_Input_
##############################

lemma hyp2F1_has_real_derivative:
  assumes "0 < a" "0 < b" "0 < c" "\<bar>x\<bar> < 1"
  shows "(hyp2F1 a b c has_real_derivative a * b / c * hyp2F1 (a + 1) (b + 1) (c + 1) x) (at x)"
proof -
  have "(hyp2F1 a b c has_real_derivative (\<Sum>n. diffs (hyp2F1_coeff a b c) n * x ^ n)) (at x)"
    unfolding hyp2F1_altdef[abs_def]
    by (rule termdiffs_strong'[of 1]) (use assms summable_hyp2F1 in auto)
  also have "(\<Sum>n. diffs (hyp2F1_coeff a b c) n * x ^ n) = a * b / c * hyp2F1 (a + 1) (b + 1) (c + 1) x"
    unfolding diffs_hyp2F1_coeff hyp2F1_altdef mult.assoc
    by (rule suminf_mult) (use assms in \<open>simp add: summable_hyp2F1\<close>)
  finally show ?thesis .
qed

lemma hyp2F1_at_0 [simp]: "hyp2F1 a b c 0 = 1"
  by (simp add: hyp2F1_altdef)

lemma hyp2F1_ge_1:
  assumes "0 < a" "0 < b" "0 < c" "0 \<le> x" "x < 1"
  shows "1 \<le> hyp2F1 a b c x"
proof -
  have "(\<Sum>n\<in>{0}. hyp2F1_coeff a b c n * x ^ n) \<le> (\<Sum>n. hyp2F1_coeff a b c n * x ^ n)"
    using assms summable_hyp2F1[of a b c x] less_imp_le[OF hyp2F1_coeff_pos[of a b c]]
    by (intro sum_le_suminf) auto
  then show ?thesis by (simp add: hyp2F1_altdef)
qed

##############################

_Task statement_
Find the string "rule" in the material above, and report every line where it occurs.

_Your response_
    by (rule termdiffs_strong'[of 1]) (use assms summable_hyp2F1 in auto)
    by (rule suminf_mult) (use assms in \<open>simp add: summable_hyp2F1\<close>)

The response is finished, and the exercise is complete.